A Grécia, Espanha, Portugal, Itália e outros países devedores têm estado sob o mesmo modo de ataque como o do FMI e sua doutrina da austeridade que levaram a América Latina à bancarrota na década de 1970. O direito internacional precisa ser actualizado para reconhecer que a finança tornou-se o modo de guerra dos dias modernos. Seus objectivos são os mesmos: aquisição de terra, matérias-primas e monopólios. 


Um subproduto desta guerra foi tornar a rede financeira de hoje tão disfuncional que as nações agora precisam de um Quadro Limpo (Clean Slate) financeiro. Aquele que teve mais êxito em tempos modernos foi o Milagre Económico alemão – a Reforma Monetária dos Aliados após a II Guerra Mundial. Todas as dívidas internas alemãs foram anuladas, excepto dividas salariais de empregados à força de trabalho e balanços básicos. Posteriormente, em 1953, suas dívidas internacionais foram canceladas parcialmente. A lógica que levou a estes actos precisa ser reaplicada hoje.

Em relação especificamente à Grécia, líderes do Syriza disseram que querem salvar a Europa. Antes de mais nada, da irracionalidade económica destrutiva da eurozona ao não ter um banco central real. Este defeito foi construído deliberadamente na eurozona, a fim de forçar um monopólio de bancos comerciais e detentores de títulos suficientemente poderosos para ganhar o controle de governos, rejeitando a política e os referendos democráticos.

As regras da eurozona – os tratados de Maastricht e Lisboa – destinam-se a impedir governos de incidirem em défices orçamentais injectando dinheiro na economia para reviver o emprego. O novo objectivo é apenas resgatar detentores de títulos e bancos de maus empréstimos e mesmo de empréstimos fraudulentos, salvando-os a expensas públicas. As economias são obrigadas a voltarem-se para empréstimos da banca comercia a fim de obter o dinheiro que precisam para crescer. Este princípio precisa ser rejeitado pois viola um direito soberano básico dos governos e da democracia económica.
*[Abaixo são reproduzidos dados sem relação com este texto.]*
(* A vector space with basis indexed by the type 'b over the field 'k is modelled as
  the finitely supported functions 'b \<Rightarrow>_0 'k.  The tensor product of two such spaces
  is the free space on the product basis, ('b \<times> 'c) \<Rightarrow>_0 'k.  A linear map out of a free
  space is the same thing as an arbitrary assignment of values to basis vectors. *)

definition vsmult :: "'k::field \<Rightarrow> ('b \<Rightarrow>\<^sub>0 'k) \<Rightarrow> ('b \<Rightarrow>\<^sub>0 'k)" where
  "vsmult c x = Poly_Mapping.map (\<lambda>a. c * a) x"

definition basis_vec :: "'b \<Rightarrow> ('b \<Rightarrow>\<^sub>0 'k::field)" where
  "basis_vec b = Poly_Mapping.single b 1"

definition lin_ext :: "('b \<Rightarrow> ('c \<Rightarrow>\<^sub>0 'k::field)) \<Rightarrow> ('b \<Rightarrow>\<^sub>0 'k) \<Rightarrow> ('c \<Rightarrow>\<^sub>0 'k)" where
  "lin_ext F x = (\<Sum>b\<in>Poly_Mapping.keys x. vsmult (Poly_Mapping.lookup x b) (F b))"

definition lin_fun :: "('b \<Rightarrow> 'k::field) \<Rightarrow> ('b \<Rightarrow>\<^sub>0 'k) \<Rightarrow> 'k" where
  "lin_fun f x = (\<Sum>b\<in>Poly_Mapping.keys x. Poly_Mapping.lookup x b * f b)"

definition tens :: "('b \<Rightarrow>\<^sub>0 'k::field) \<Rightarrow> ('c \<Rightarrow>\<^sub>0 'k) \<Rightarrow> (('b \<times> 'c) \<Rightarrow>\<^sub>0 'k)" where
  "tens x y = (\<Sum>a\<in>Poly_Mapping.keys x. \<Sum>b\<in>Poly_Mapping.keys y. Poly_Mapping.single (a, b) (Poly_Mapping.lookup x a * Poly_Mapping.lookup y b))"

definition tens_map :: "('b \<Rightarrow> ('d \<Rightarrow>\<^sub>0 'k::field)) \<Rightarrow> ('c \<Rightarrow> ('e \<Rightarrow>\<^sub>0 'k))
     \<Rightarrow> (('b \<times> 'c) \<Rightarrow>\<^sub>0 'k) \<Rightarrow> (('d \<times> 'e) \<Rightarrow>\<^sub>0 'k)" where
  "tens_map F G = lin_ext (\<lambda>(a, b). tens (F a) (G b))"

(* Data: a product on basis vectors mb (extended bilinearly; this is the linear map
  W\<otimes>W \<rightarrow> W), a unit element u (the image of 1 under the unit map k \<rightarrow> W), a coproduct
  cb on basis vectors (extended linearly to W \<rightarrow> W\<otimes>W), and a counit eb on basis vectors
  (extended linearly to W \<rightarrow> k). *)

definition mult_lin :: "('b \<Rightarrow> 'b \<Rightarrow> ('b \<Rightarrow>\<^sub>0 'k::field)) \<Rightarrow> (('b \<times> 'b) \<Rightarrow>\<^sub>0 'k) \<Rightarrow> ('b \<Rightarrow>\<^sub>0 'k)" where
  "mult_lin mb = lin_ext (\<lambda>(a, b). mb a b)"

definition mult :: "('b \<Rightarrow> 'b \<Rightarrow> ('b \<Rightarrow>\<^sub>0 'k::field)) \<Rightarrow> ('b \<Rightarrow>\<^sub>0 'k) \<Rightarrow> ('b \<Rightarrow>\<^sub>0 'k) \<Rightarrow> ('b \<Rightarrow>\<^sub>0 'k)" where
  "mult mb x y = mult_lin mb (tens x y)"

definition tens_prod_basis :: "('b \<Rightarrow> 'b \<Rightarrow> ('b \<Rightarrow>\<^sub>0 'k::field))
     \<Rightarrow> ('b \<times> 'b) \<Rightarrow> ('b \<times> 'b) \<Rightarrow> (('b \<times> 'b) \<Rightarrow>\<^sub>0 'k)" where
  "tens_prod_basis mb p q = tens (mb (fst p) (fst q)) (mb (snd p) (snd q))"

definition bialgebra :: "('b \<Rightarrow> 'b \<Rightarrow> ('b \<Rightarrow>\<^sub>0 'k::field)) \<Rightarrow> ('b \<Rightarrow>\<^sub>0 'k)
     \<Rightarrow> ('b \<Rightarrow> (('b \<times> 'b) \<Rightarrow>\<^sub>0 'k)) \<Rightarrow> ('b \<Rightarrow> 'k) \<Rightarrow> bool" where
  "bialgebra mb u cb eb \<longleftrightarrow>
     \<comment> \<open>associativity\<close>
     (\<forall>x y z. mult mb (mult mb x y) z = mult mb x (mult mb y z)) \<and>
     \<comment> \<open>unit\<close>
     (\<forall>x. mult mb u x = x \<and> mult mb x u = x) \<and>
     \<comment> \<open>coassociativity: (\<Delta>\<otimes>id)\<Delta> = (id\<otimes>\<Delta>)\<Delta>, up to the canonical reassociation\<close>
     (\<forall>x a b c. Poly_Mapping.lookup (tens_map cb basis_vec (lin_ext cb x)) ((a, b), c)
               = Poly_Mapping.lookup (tens_map basis_vec cb (lin_ext cb x)) (a, (b, c))) \<and>
     \<comment> \<open>counit: (\<epsilon>\<otimes>id)\<Delta> = id = (id\<otimes>\<epsilon>)\<Delta>\<close>
     (\<forall>x. lin_ext (\<lambda>(a, b). vsmult (eb a) (basis_vec b)) (lin_ext cb x) = x \<and>
          lin_ext (\<lambda>(a, b). vsmult (eb b) (basis_vec a)) (lin_ext cb x) = x) \<and>
     \<comment> \<open>the coproduct is an algebra morphism\<close>
     (\<forall>x y. lin_ext cb (mult mb x y) = mult (tens_prod_basis mb) (lin_ext cb x) (lin_ext cb y)) \<and>
     lin_ext cb u = tens u u \<and>
     \<comment> \<open>the counit is an algebra morphism\<close>
     (\<forall>x y. lin_fun eb (mult mb x y) = lin_fun eb x * lin_fun eb y) \<and>
     lin_fun eb u = 1"

(* Grading W = \<Oplus>_d W_d where W_d is spanned by the basis vectors of degree d. *)
definition graded_bialgebra :: "('b \<Rightarrow> nat) \<Rightarrow> ('b \<Rightarrow> 'b \<Rightarrow> ('b \<Rightarrow>\<^sub>0 'k::field)) \<Rightarrow> ('b \<Rightarrow>\<^sub>0 'k)
     \<Rightarrow> ('b \<Rightarrow> (('b \<times> 'b) \<Rightarrow>\<^sub>0 'k)) \<Rightarrow> ('b \<Rightarrow> 'k) \<Rightarrow> bool" where
  "graded_bialgebra deg mb u cb eb \<longleftrightarrow>
     bialgebra mb u cb eb \<and>
     (\<forall>a b. \<forall>c\<in>Poly_Mapping.keys (mb a b). deg c = deg a + deg b) \<and>
     (\<forall>c\<in>Poly_Mapping.keys u. deg c = 0) \<and>
     (\<forall>a. \<forall>(p, q)\<in>Poly_Mapping.keys (cb a). deg p + deg q = deg a) \<and>
     (\<forall>a. eb a \<noteq> 0 \<longrightarrow> deg a = 0)"

(* Hopf algebra: a bialgebra admitting an antipode, i.e. a linear map S : W \<rightarrow> W
  (given by its values on basis vectors) with \<nabla>(S\<otimes>id)\<Delta> = \<iota>\<epsilon> = \<nabla>(id\<otimes>S)\<Delta>. *)
definition hopf_algebra :: "('b \<Rightarrow> 'b \<Rightarrow> ('b \<Rightarrow>\<^sub>0 'k::field)) \<Rightarrow> ('b \<Rightarrow>\<^sub>0 'k)
     \<Rightarrow> ('b \<Rightarrow> (('b \<times> 'b) \<Rightarrow>\<^sub>0 'k)) \<Rightarrow> ('b \<Rightarrow> 'k) \<Rightarrow> bool" where
  "hopf_algebra mb u cb eb \<longleftrightarrow>
     bialgebra mb u cb eb \<and>
     (\<exists>S :: 'b \<Rightarrow> ('b \<Rightarrow>\<^sub>0 'k). \<forall>x.
        mult_lin mb (tens_map S basis_vec (lin_ext cb x)) = vsmult (lin_fun eb x) u \<and>
        mult_lin mb (tens_map basis_vec S (lin_ext cb x)) = vsmult (lin_fun eb x) u)"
Uma vez que uma economia está financeira defeituosa por (1) não ter um banco central para financiar despesa governamental, e (2) pela limitação dos défices orçamentais do governo a apenas 3% do PIB, a economia deve contrair-se. Uma economia em contracção significará menos receitas fiscais e, portanto, défices no orçamento do governo mais profundos e elevação da dívida governamental.

O supremo assassínio é a exigência do BCE, FMI e CE de que governos paguem suas dívidas através da privatização da infraestrutura pública, recursos naturais, terra e outros activos no domínio público. Para agravar esta exigência, a Troika impediu a Grécia de vender pela oferta mais alta, se fosse a Gazprom ou outra companhia russa. A política financeira tornou-se portanto militarizada com parte da política de Nova Guerra-fria da NATO. Economias devedoras estão destinadas a vender a euro-cleptocratas – em termos financiados pelos bancos, de modo a que encargos de juros do acordo absorvam todos os lucros, deixando os governos sem muita receita fiscal. 
07/Julho/2015
[1] Este é o tema do meu livro Super Imperialism: The Economic Strategy of American Empire (1972, new ed., 2002).
[2] O vídeo pode ser visto aqui: 
www.guengl.eu/... (apareço cerca do minuto 37).
[3] 
resistir.info/grecia/declaracao_delphi.html
[4] Resumo este debate entre Keynes e seus antagonistas em Trade, Development and Foreign Debt (new ed. ISLET 2009), chapter 16.